As shipping companies work hard to move goods quickly through congested ports, how much are they investing in advertising?
In the first three quarters of the year, shipping and logistics companies invested $14.1 million across digital and print in the B2B space. This is down 6% over the same period in 2020, where $15 million was spent across print and digital advertising.
Lower shipping and logistics spending in 2020 appeared to be a case of not needing to advertise due to pandemic restrictions and an increased demand for shipping. This additional decrease in advertising spending is likely due to the slowdown of goods distribution.

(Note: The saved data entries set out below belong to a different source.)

lemma q_value_improvement:
  assumes s1: "s1 \<notin> Sbot"
    and better: "q_value (det_policy phi) s1 (phi s1) < q_value (det_policy phi) s1 a1"
  shows "q_value (det_policy phi) s a \<le> q_value (det_policy (phi(s1 := a1))) s a"
    and "0 < P s a s1 \<Longrightarrow> q_value (det_policy phi) s a < q_value (det_policy (phi(s1 := a1))) s a"
proof -
  define Q where "Q = q_value (det_policy phi)"
  define Q' where "Q' = q_value (det_policy (phi(s1 := a1)))"
  have gain: "trans_op (det_policy (phi(s1 := a1))) Q s a
      = trans_op (det_policy phi) Q s a + P s a s1 * (Q s1 a1 - Q s1 (phi s1))" for s a
  proof -
    have "(\<Sum>s'\<in>-Sbot. P s a s' * (Q s' ((phi(s1 := a1)) s') - Q s' (phi s')))
        = P s a s1 * (Q s1 a1 - Q s1 (phi s1))"
      using s1 by (subst sum.remove[of _ s1]) auto
    then show ?thesis by (simp add: trans_op_det_policy algebra_simps sum_subtractf)
  qed
  have fix_Q: "Q s a = policy_bellman (det_policy phi) Q s a" for s a
    unfolding Q_def by (rule q_value_fixpoint[OF is_policy_det_policy])
  have sub: "Q s a \<le> policy_bellman (det_policy (phi(s1 := a1))) Q s a" for s a
    using fix_Q[of s a] gain[of s a] better P_nonneg[of s a s1] by (simp add: policy_bellman_def Q_def)
  have le: "Q s a \<le> Q' s a" for s a
    unfolding Q'_def by (rule q_value_greatest_subsolution[OF is_policy_det_policy sub])
  then show "q_value (det_policy phi) s a \<le> q_value (det_policy (phi(s1 := a1))) s a"
    by (simp add: Q_def Q'_def)
  assume "0 < P s a s1"
  then have "Q s a < policy_bellman (det_policy (phi(s1 := a1))) Q s a"
    using fix_Q[of s a] gain[of s a] better by (simp add: policy_bellman_def Q_def)
  also have "\<dots> \<le> policy_bellman (det_policy (phi(s1 := a1))) Q' s a"
    unfolding policy_bellman_def by (simp add: trans_op_mono[OF is_policy_det_policy le])
  also have "\<dots> = Q' s a" unfolding Q'_def by (rule q_value_fixpoint[OF is_policy_det_policy, symmetric])
  finally show "q_value (det_policy phi) s a < q_value (det_policy (phi(s1 := a1))) s a"
    by (simp add: Q_def Q'_def)
qed

lemma exists_greedy_det_policy:
  "\<exists>phi. \<forall>s a. s \<notin> Sbot \<longrightarrow> q_value (det_policy phi) s a \<le> q_value (det_policy phi) s (phi s)"
proof -
  define F where "F phi = (\<Sum>s\<in>UNIV. \<Sum>a\<in>UNIV. q_value (det_policy phi) s a)" for phi :: "'s \<Rightarrow> 'a"
  have "Max (range F) \<in> range F" by (rule Max_in) simp_all
  then obtain phi where phi: "F phi = Max (range F)" by (metis imageE)
  have max: "F psi \<le> F phi" for psi unfolding phi by (rule Max_ge) auto
  show ?thesis
  proof (intro exI allI impI, rule ccontr)
    fix s1 a1
    assume s1: "s1 \<notin> Sbot" and "\<not> q_value (det_policy phi) s1 a1 \<le> q_value (det_policy phi) s1 (phi s1)"
    then have better: "q_value (det_policy phi) s1 (phi s1) < q_value (det_policy phi) s1 a1" by simp
    note improvement = q_value_improvement[OF s1 better]
    obtain s0 a0 where P0: "0 < P s0 a0 s1" using exists_predecessor[OF s1] by blast
    have "F phi < F (phi(s1 := a1))"
      unfolding F_def
    proof (rule sum_strict_mono_ex1)
      show "\<forall>s\<in>UNIV. (\<Sum>a\<in>UNIV. q_value (det_policy phi) s a)
          \<le> (\<Sum>a\<in>UNIV. q_value (det_policy (phi(s1 := a1))) s a)"
        by (intro ballI sum_mono improvement(1))
      have "(\<Sum>a\<in>UNIV. q_value (det_policy phi) s0 a) < (\<Sum>a\<in>UNIV. q_value (det_policy (phi(s1 := a1))) s0 a)"
        using improvement(1) improvement(2)[OF P0] by (intro sum_strict_mono_ex1) auto
      then show "\<exists>s\<in>UNIV. (\<Sum>a\<in>UNIV. q_value (det_policy phi) s a)
          < (\<Sum>a\<in>UNIV. q_value (det_policy (phi(s1 := a1))) s a)" by blast
    qed simp
    with max[of "phi(s1 := a1)"] show False by simp
  qed
qed

lemma lagrangian_primal_bound:
  assumes opt: "is_optimal P R rho Sbot mu"
  obtains Q where "\<And>lam. lagrangian P R rho Sbot mu Q lam \<le> J P R rho Sbot mu"
proof -
  have mu: "is_policy mu" using opt by (simp add: is_optimal_def)
  obtain phi where greedy: "\<And>s a. s \<notin> Sbot \<Longrightarrow> q_value (det_policy phi) s a \<le> q_value (det_policy phi) s (phi s)"
    using exists_greedy_det_policy by blast
  define sig where "sig = det_policy phi"
  define Q where "Q = q_value sig"
  have sig: "is_policy sig" by (simp add: sig_def is_policy_det_policy)
  have fix_Q: "Q s a = policy_bellman sig Q s a" for s a unfolding Q_def by (rule q_value_fixpoint[OF sig])
  \<comment> \<open>Q is the value of a policy that is greedy for it, hence a fixed point of the Bellman operator\<close>
  have "bellman P R Sbot Q s a = Q s a" for s a
  proof -
    have "Max (range (Q s')) = Q s' (phi s')" if "s' \<notin> Sbot" for s'
      by (rule Max_eqI) (use greedy[OF that] in \<open>auto simp: Q_def sig_def\<close>)
    then show ?thesis
      by (simp add: bellman_eq fix_Q[of s a] policy_bellman_def sig_def trans_op_det_policy)
  qed
  then have lagrangian_Q: "lagrangian P R rho Sbot mu Q lam = terminal_exp mu Q" for lam
    by (simp add: lagrangian_def terminal_exp_def)
  define c where "c = step_reward sig 0 + live_value sig Q 0"
  have "Q s a = c" if "s \<in> Sbot" for s a
    using fix_Q[of s a] by (simp add: policy_bellman_def restart_mean_reward[OF sig that]
        restart_trans_op[OF that] c_def)
  \<comment> \<open>as Q is constant on Sbot, its expectation at the stopping time does not depend on the policy\<close>
  then have terminal_c: "terminal_exp pol Q = c" if pol: "is_policy pol" for pol
  proof -
    have "(\<lambda>n. stop_mass pol n * c) sums terminal_exp pol Q"
      using terminal_exp_sums[OF pol, of Q] \<open>\<And>s a. s \<in> Sbot \<Longrightarrow> Q s a = c\<close>
      by (simp add: stop_mass_def sum_distrib_right)
    then show ?thesis using sums_mult2[OF stop_mass_sums[OF pol], of c] by (simp add: sums_unique2)
  qed
  have "terminal_exp sig Q = J P R rho Sbot sig"
    using occupancy_identity[OF sig, of Q] fix_Q by simp
  then have "c \<le> J P R rho Sbot mu"
    using terminal_c[OF sig] opt sig by (simp add: is_optimal_def)
  then show thesis by (intro that[of Q]) (simp add: lagrangian_Q terminal_c[OF mu])
qed

end

section \<open>The saddle point\<close>

lemma saddle_point_value:
  fixes L :: "'x \<Rightarrow> 'y \<Rightarrow> real"
  assumes w: "w \<in> Y"
    and upper: "\<And>y. y \<in> Y \<Longrightarrow> L u y \<le> v" and lower: "\<And>x. v \<le> L x w"
  shows "(SUP y\<in>Y. ereal (L u y)) = (INF x. SUP y\<in>Y. ereal (L x y))"
    and "(INF x. ereal (L x w)) = (SUP y\<in>Y. INF x. ereal (L x y))"
    and "(INF x. SUP y\<in>Y. ereal (L x y)) = ereal v"
    and "(SUP y\<in>Y. INF x. ereal (L x y)) = ereal v"
proof -
  have sup_u: "(SUP y\<in>Y. ereal (L u y)) = ereal v"
  proof (rule antisym)
    show "(SUP y\<in>Y. ereal (L u y)) \<le> ereal v" by (rule SUP_least) (simp add: upper)
    show "ereal v \<le> (SUP y\<in>Y. ereal (L u y))"
      using lower[of u] by (intro SUP_upper2[OF w]) simp
  qed
  have inf_w: "(INF x. ereal (L x w)) = ereal v"
  proof (rule antisym)
    show "(INF x. ereal (L x w)) \<le> ereal v"
      using upper[OF w] by (intro INF_lower2[of u]) simp_all
    show "ereal v \<le> (INF x. ereal (L x w))" by (rule INF_greatest) (simp add: lower)
  qed
  show minimax: "(INF x. SUP y\<in>Y. ereal (L x y)) = ereal v"
  proof (rule antisym)
    show "(INF x. SUP y\<in>Y. ereal (L x y)) \<le> ereal v"
      using sup_u by (intro INF_lower2[of u]) simp_all
    show "ereal v \<le> (INF x. SUP y\<in>Y. ereal (L x y))"
      using lower by (intro INF_greatest SUP_upper2[OF w]) simp
  qed
  show maximin: "(SUP y\<in>Y. INF x. ereal (L x y)) = ereal v"
  proof (rule antisym)
    show "(SUP y\<in>Y. INF x. ereal (L x y)) \<le> ereal v"
      using upper by (intro SUP_least INF_lower2[of u]) simp_all
    show "ereal v \<le> (SUP y\<in>Y. INF x. ereal (L x y))"
      using inf_w by (intro SUP_upper2[OF w]) simp
  qed
  show "(SUP y\<in>Y. ereal (L u y)) = (INF x. SUP y\<in>Y. ereal (L x y))"
    using sup_u minimax by simp
  show "(INF x. ereal (L x w)) = (SUP y\<in>Y. INF x. ereal (L x y))"
    using inf_w maximin by simp
qed

theorem mainTheorem6:
  fixes P :: "'s::finite \<Rightarrow> 'a::finite \<Rightarrow> 's \<Rightarrow> real"
    and R :: "'s \<Rightarrow> real" and rho :: "'s \<Rightarrow> real" and Sbot :: "'s set"
    and mu :: "'s \<Rightarrow> 'a \<Rightarrow> real"
  assumes "finite_ELP P R rho Sbot"
    and "is_optimal P R rho Sbot mu"
  shows "(\<exists>Q0. (SUP lam\<in>nonneg_multipliers. ereal (lagrangian P R rho Sbot mu Q0 lam))
                 = (INF Q. SUP lam\<in>nonneg_multipliers. ereal (lagrangian P R rho Sbot mu Q lam)))
       \<and> (\<exists>lam0\<in>nonneg_multipliers. (INF Q. ereal (lagrangian P R rho Sbot mu Q lam0))
                 = (SUP lam\<in>nonneg_multipliers. INF Q. ereal (lagrangian P R rho Sbot mu Q lam)))
       \<and> (INF Q. SUP lam\<in>nonneg_multipliers. ereal (lagrangian P R rho Sbot mu Q lam))
            = ereal (J P R rho Sbot mu)
       \<and> (SUP lam\<in>nonneg_multipliers. INF Q. ereal (lagrangian P R rho Sbot mu Q lam))
            = ereal (J P R rho Sbot mu)"
proof -
  interpret finite_elp P R rho Sbot by unfold_locales (rule assms(1))
  have mu: "is_policy mu" using assms(2) by (simp add: is_optimal_def)
  obtain Q0 where primal: "\<And>lam. lagrangian P R rho Sbot mu Q0 lam \<le> J P R rho Sbot mu"
    using lagrangian_primal_bound[OF assms(2)] by blast
  have lam0: "occupancy mu \<in> nonneg_multipliers"
    by (simp add: nonneg_multipliers_def occupancy_nonneg[OF mu])
  note saddle = saddle_point_value[where L = "lagrangian P R rho Sbot mu" and u = Q0,
      OF lam0 primal lagrangian_dual_bound[OF mu]]
  show ?thesis
  proof (intro conjI)
    show "\<exists>Q0. (SUP lam\<in>nonneg_multipliers. ereal (lagrangian P R rho Sbot mu Q0 lam))
        = (INF Q. SUP lam\<in>nonneg_multipliers. ereal (lagrangian P R rho Sbot mu Q lam))"
      by (rule exI[of _ Q0]) (rule saddle(1))
    show "\<exists>lam0\<in>nonneg_multipliers. (INF Q. ereal (lagrangian P R rho Sbot mu Q lam0))
        = (SUP lam\<in>nonneg_multipliers. INF Q. ereal (lagrangian P R rho Sbot mu Q lam))"
      by (rule bexI[where x = "occupancy mu"]) (rule saddle(2), rule lam0)
  qed (fact saddle(3), fact saddle(4))
qed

The top advertisers in 2021 are: Old Dominion Freight, FedEx, Yang Ming Group, TLI Transco Lines and Georgia Port Authority.
While the White House can facilitate talks needed to negotiate 24 hour service from longshoremen, the next step is to make sure there are enough trucks, trains and planes to transport these goods (and the workers to go with them). This is why we see an increased focus on the dependability of trucking, rail and employment opportunities.
It is unclear how long it will take to recruit more employees and untangle this global logistical mess. Until then, advertising spend is much lower than it was pre-pandemic and ad creative is leaning into employment opportunities and key pain points of business customers.